Após dois anos da tragédia em Milagres, na Região do Cariri, os 20 réus por homicídio doloso ou fraude processual ainda não participaram de audiência na Justiça, assim como não foram pronunciados e nem julgados. No dia 7 de dezembro de 2018, 14 pessoas foram mortas durante um assalto a banco na cidade.

Do total de réus, 19 policiais militares que atuaram na ocorrência apresentaram defesa preliminar. Apenas o vice-prefeito do município, Abraão Sampaio de Lacerda, ainda não formalizou a sua posição sobre o ocorrido. Este último disputou o pleito de 2020, mas foi derrotado nas urnas.

O tenente-coronel Cícero Henrique Beserra Lopes, suspeito de modificar a cena do crime, chegou a pedir a suspensão dos efeitos do afastamento imposto pela Controladoria Geral de Disciplina para voltar ao trabalho. Essa foi a última movimentação no processo, mas o Tribunal de Justiça do Ceará negou.

O Tribunal de Justiça do Ceará (TJCE) apontou em nota a “complexidade do processo”, que tem mais de 3 mil páginas, como justificativa. Para o TJ, “apenas após a apreciação de todos os recursos cabíveis, se for mantido e decidido que o processo deverá seguir para a competência do Tribunal de Júri, o Juízo da Vara Única de Milagres irá deliberar por pronunciar os réus ou proferir outra decisão cabível conforme a prova produzida sob o crivo do devido processo legal, ampla defesa e do contraditório”.

Esperança de julgamento

 

Para Cláudia Magalhães, viúva de João Magalhães e mãe de Vinicíus, mortos pela PM do Ceará, junto aos tios Cícero Tenório e Claudineide Campos, e do primo Gustavo, a esperança é que o processo seja julgado em 2021. A família é de Serra Talhada, em Pernambuco.

A partir deste mês de dezembro, Cláudia e o filho João Victor passarão a receber do Estado do Ceará uma pensão de R$ 1.500, cada. O pagamento deveria ter iniciado em outubro, segundo determinação judicial. Por causa do atraso de dois meses, o Estado deverá arcar ainda com multa, cujo valor não foi repassado.
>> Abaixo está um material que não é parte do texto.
definition P_category :: "('o,'a) pcat \<Rightarrow> bool" where
  "P_category C \<longleftrightarrow>
     is_category C \<and> has_products C \<and> functorial_path C \<and> has_symmetry C \<and>
     has_coproduct C \<and> has_interchange C \<and> has_folding C \<and>
     \<comment> \<open>(P1)\<close>
     (\<forall>f. is_iso C f \<longrightarrow> f \<in> fib C \<and> f \<in> we C) \<and>
     (\<forall>f g. cdom C g = ccod C f \<longrightarrow> f \<in> fib C \<longrightarrow> g \<in> fib C \<longrightarrow> ccomp C g f \<in> fib C) \<and>
     (\<forall>f g. cdom C g = ccod C f \<longrightarrow> f \<in> we C \<longrightarrow> g \<in> we C \<longrightarrow> ccomp C g f \<in> we C) \<and>
     (\<forall>f g. cdom C g = ccod C f \<longrightarrow> f \<in> we C \<longrightarrow> ccomp C g f \<in> we C \<longrightarrow> g \<in> we C) \<and>
     (\<forall>f g. cdom C g = ccod C f \<longrightarrow> g \<in> we C \<longrightarrow> ccomp C g f \<in> we C \<longrightarrow> f \<in> we C) \<and>
     (\<forall>A. to_term C A \<in> fib C) \<and>
     \<comment> \<open>(P2)\<close>
     (\<forall>A. iota C A \<in> we C \<and> pair C (d0 C A) (d1 C A) \<in> fib C \<and>
          d0 C A \<in> trivfib C \<and> d1 C A \<in> trivfib C) \<and>
     \<comment> \<open>(P3)\<close>
     (\<forall>u v. ccod C u = ccod C v \<longrightarrow> v \<in> fib C \<longrightarrow>
        (\<exists>Q q1 q2. is_pullback C u v Q q1 q2 \<and> q1 \<in> fib C \<and>
           (v \<in> trivfib C \<longrightarrow> q1 \<in> trivfib C) \<and> (u \<in> we C \<longrightarrow> q2 \<in> we C))) \<and>
     \<comment> \<open>(P4)\<close>
     (\<forall>f. f \<in> fib C \<longrightarrow> Pa C f \<in> fib C) \<and>
     (\<forall>f. f \<in> we C \<longrightarrow> Pa C f \<in> we C) \<and>
     (\<forall>u v Q q1 q2. v \<in> fib C \<longrightarrow> is_pullback C u v Q q1 q2 \<longrightarrow>
        is_pullback C (Pa C u) (Pa C v) (Po C Q) (Pa C q1) (Pa C q2)) \<and>
     \<comment> \<open>(P5)\<close>
     (\<forall>v. v \<in> fib C \<longrightarrow>
        (\<forall>Q q1 q2 k. is_pullback C (prodmap C v v) (pair C (d0 C (ccod C v)) (d1 C (ccod C v))) Q q1 q2 \<longrightarrow>
           hom C k (Po C (cdom C v)) Q \<longrightarrow>
           ccomp C q1 k = pair C (d0 C (cdom C v)) (d1 C (cdom C v)) \<longrightarrow>
           ccomp C q2 k = Pa C v \<longrightarrow> k \<in> fib C))"

definition cofibrant :: "('o,'a) pcat \<Rightarrow> 'o \<Rightarrow> bool" where
  "cofibrant C X \<longleftrightarrow>
     (\<forall>w f. w \<in> trivfib C \<longrightarrow> hom C f X (ccod C w) \<longrightarrow>
        (\<exists>g. hom C g X (cdom C w) \<and> ccomp C w g = f))"

end

theory Submission
  imports Defs
begin

text \<open>The ends map (d0,d1) : P(A) \<rightarrow> A \<times> A and P(v) induce a comparison map k from P(A)
into the pullback Q of v \<times> v along (d0,d1) : P(B) \<rightarrow> B \<times> B. By (P5) k is a fibration. It is
also a weak equivalence: v \<times> v = (v \<times> 1)(1 \<times> v) is a trivial fibration, each factor being a
base change of v along a projection, so the projection q2 : Q \<rightarrow> P(B) is a weak equivalence by
(P3); since q2 k = P(v) is one by (P4), 2-out-of-3 applies. The data ((f0,f1), h) form a map
X \<rightarrow> Q, and its lift along the trivial fibration k, which exists as X is cofibrant, is the
required homotopy.\<close>

definition product_cone :: "('o,'a) pcat \<Rightarrow> 'o \<Rightarrow> 'a \<Rightarrow> 'a \<Rightarrow> 'o \<Rightarrow> 'o \<Rightarrow> bool" where
  "product_cone C P p r X Y \<longleftrightarrow> hom C p P X \<and> hom C r P Y \<and>
     (\<forall>W a b. hom C a W X \<longrightarrow> hom C b W Y \<longrightarrow>
        (\<exists>!k. hom C k W P \<and> ccomp C p k = a \<and> ccomp C r k = b))"

lemma product_cone_swap: "product_cone C P p r X Y \<Longrightarrow> product_cone C P r p Y X"
  unfolding product_cone_def by blast

lemma product_cone_cprod:
  "has_products C \<Longrightarrow> product_cone C (cprod C X Y) (cpr1 C X Y) (cpr2 C X Y) X Y"
  unfolding has_products_def product_cone_def by blast

lemma pullback_lift:
  assumes "is_pullback C u w Q q1 q2" "hom C a W (cdom C u)" "hom C b W (cdom C w)"
    "ccomp C u a = ccomp C w b"
  obtains k where "hom C k W Q" "ccomp C q1 k = a" "ccomp C q2 k = b"
  using assms unfolding is_pullback_def by blast

lemma prodmap_eq:
  "hom C f A A' \<Longrightarrow> hom C g B B' \<Longrightarrow>
   prodmap C f g = pair C (ccomp C f (cpr1 C A B)) (ccomp C g (cpr2 C A B))"
  unfolding prodmap_def hom_def by auto

context
  fixes C :: "('o,'a) pcat"
  assumes cat: "is_category C"
begin

lemma hom_id: "hom C (cid C X) X X"
  using cat unfolding is_category_def by blast

lemma hom_comp: "hom C f X Y \<Longrightarrow> hom C g Y Z \<Longrightarrow> hom C (ccomp C g f) X Z"
  using cat unfolding is_category_def hom_def by metis

lemma comp_id_left: "hom C f X Y \<Longrightarrow> ccomp C (cid C Y) f = f"
  using cat unfolding is_category_def hom_def by metis

lemma comp_id_right: "hom C f X Y \<Longrightarrow> ccomp C f (cid C X) = f"
  using cat unfolding is_category_def hom_def by metis

lemma comp_assoc:
  "hom C f X Y \<Longrightarrow> hom C g Y Z \<Longrightarrow> hom C k Z W \<Longrightarrow>
   ccomp C k (ccomp C g f) = ccomp C (ccomp C k g) f"
  using cat unfolding is_category_def hom_def by metis

lemma product_cone_eqI:
  assumes "product_cone C P p r X Y" "hom C k W P" "hom C k' W P"
    "ccomp C p k = ccomp C p k'" "ccomp C r k = ccomp C r k'"
  shows "k = k'"
proof -
  have "hom C (ccomp C p k) W X" "hom C (ccomp C r k) W Y"
    using assms(1,2) hom_comp unfolding product_cone_def by blast+
  then show ?thesis using assms unfolding product_cone_def by metis
qed

lemma pullback_eqI:
  assumes P: "is_pullback C u w Q q1 q2" and k: "hom C k W Q" "hom C k' W Q"
    and eq: "ccomp C q1 k = ccomp C q1 k'" "ccomp C q2 k = ccomp C q2 k'"
  shows "k = k'"
proof -
  have q: "hom C q1 Q (cdom C u)" "hom C q2 Q (cdom C w)" "ccomp C u q1 = ccomp C w q2"
    using P unfolding is_pullback_def by blast+
  have "ccomp C u (ccomp C q1 k) = ccomp C w (ccomp C q2 k)"
    using comp_assoc[OF k(1) q(1)] comp_assoc[OF k(1) q(2)] q(3) hom_def by metis
  then have "\<exists>!l. hom C l W Q \<and> ccomp C q1 l = ccomp C q1 k \<and> ccomp C q2 l = ccomp C q2 k"
    using P hom_comp[OF k(1) q(1)] hom_comp[OF k(1) q(2)] unfolding is_pullback_def by blast
  then show ?thesis using k eq by metis
qed

lemma pullback_unique_up_to_iso:
  assumes P: "is_pullback C u w Q q1 q2" and P': "is_pullback C u w Q' q1' q2'"
  shows "\<exists>\<phi>. hom C \<phi> Q' Q \<and> is_iso C \<phi> \<and> ccomp C q1 \<phi> = q1' \<and> ccomp C q2 \<phi> = q2'"
proof -
  have q: "hom C q1 Q (cdom C u)" "hom C q2 Q (cdom C w)" "ccomp C u q1 = ccomp C w q2"
    "hom C q1' Q' (cdom C u)" "hom C q2' Q' (cdom C w)" "ccomp C u q1' = ccomp C w q2'"
    using P P' unfolding is_pullback_def by blast+
  obtain \<phi> where \<phi>: "hom C \<phi> Q' Q" "ccomp C q1 \<phi> = q1'" "ccomp C q2 \<phi> = q2'"
    using pullback_lift[OF P q(4,5,6)] .
  obtain \<psi> where \<psi>: "hom C \<psi> Q Q'" "ccomp C q1' \<psi> = q1" "ccomp C q2' \<psi> = q2"
    using pullback_lift[OF P' q(1,2,3)] .
  have "ccomp C \<psi> \<phi> = cid C Q'"
    by (rule pullback_eqI[OF P' hom_comp[OF \<phi>(1) \<psi>(1)] hom_id])
      (simp_all add: comp_assoc[OF \<phi>(1) \<psi>(1) q(4)] comp_assoc[OF \<phi>(1) \<psi>(1) q(5)]
        \<phi> \<psi> comp_id_right[OF q(4)] comp_id_right[OF q(5)])
  moreover have "ccomp C \<phi> \<psi> = cid C Q"
    by (rule pullback_eqI[OF P hom_comp[OF \<psi>(1) \<phi>(1)] hom_id])
      (simp_all add: comp_assoc[OF \<psi>(1) \<phi>(1) q(1)] comp_assoc[OF \<psi>(1) \<phi>(1) q(2)]
        \<phi> \<psi> comp_id_right[OF q(1)] comp_id_right[OF q(2)])
  ultimately have "is_iso C \<phi>"
    using \<phi>(1) \<psi>(1) unfolding is_iso_def hom_def by auto
  then show ?thesis using \<phi> by blast
qed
Já conforme a jovem Stefani Tenório, que teve os pais Cícero e Claudineide e o irmão Gustavo mortos, a primeira audiência está prevista para março de 2021. O advogado dos familiares de Serra Talhada, Stefferson Nogueira, detalha que vai ser marcada uma audiência para ouvir testemunhos. “A novidade é essa pensão. Sabemos que não vai compensar as perdas e dores, mas pelo menos por enquanto é um lenitivo”.

Além dos pernambucanos, a cearense Edneide Laurentino, refém na tragédia, foi assassinada. Ela estava acompanhada dos pais Maria Lurilda e Genário Laurentino e o irmão Fernandes Rodrigues, que sobreviveram. A família ainda espera um amparo social e jurídico.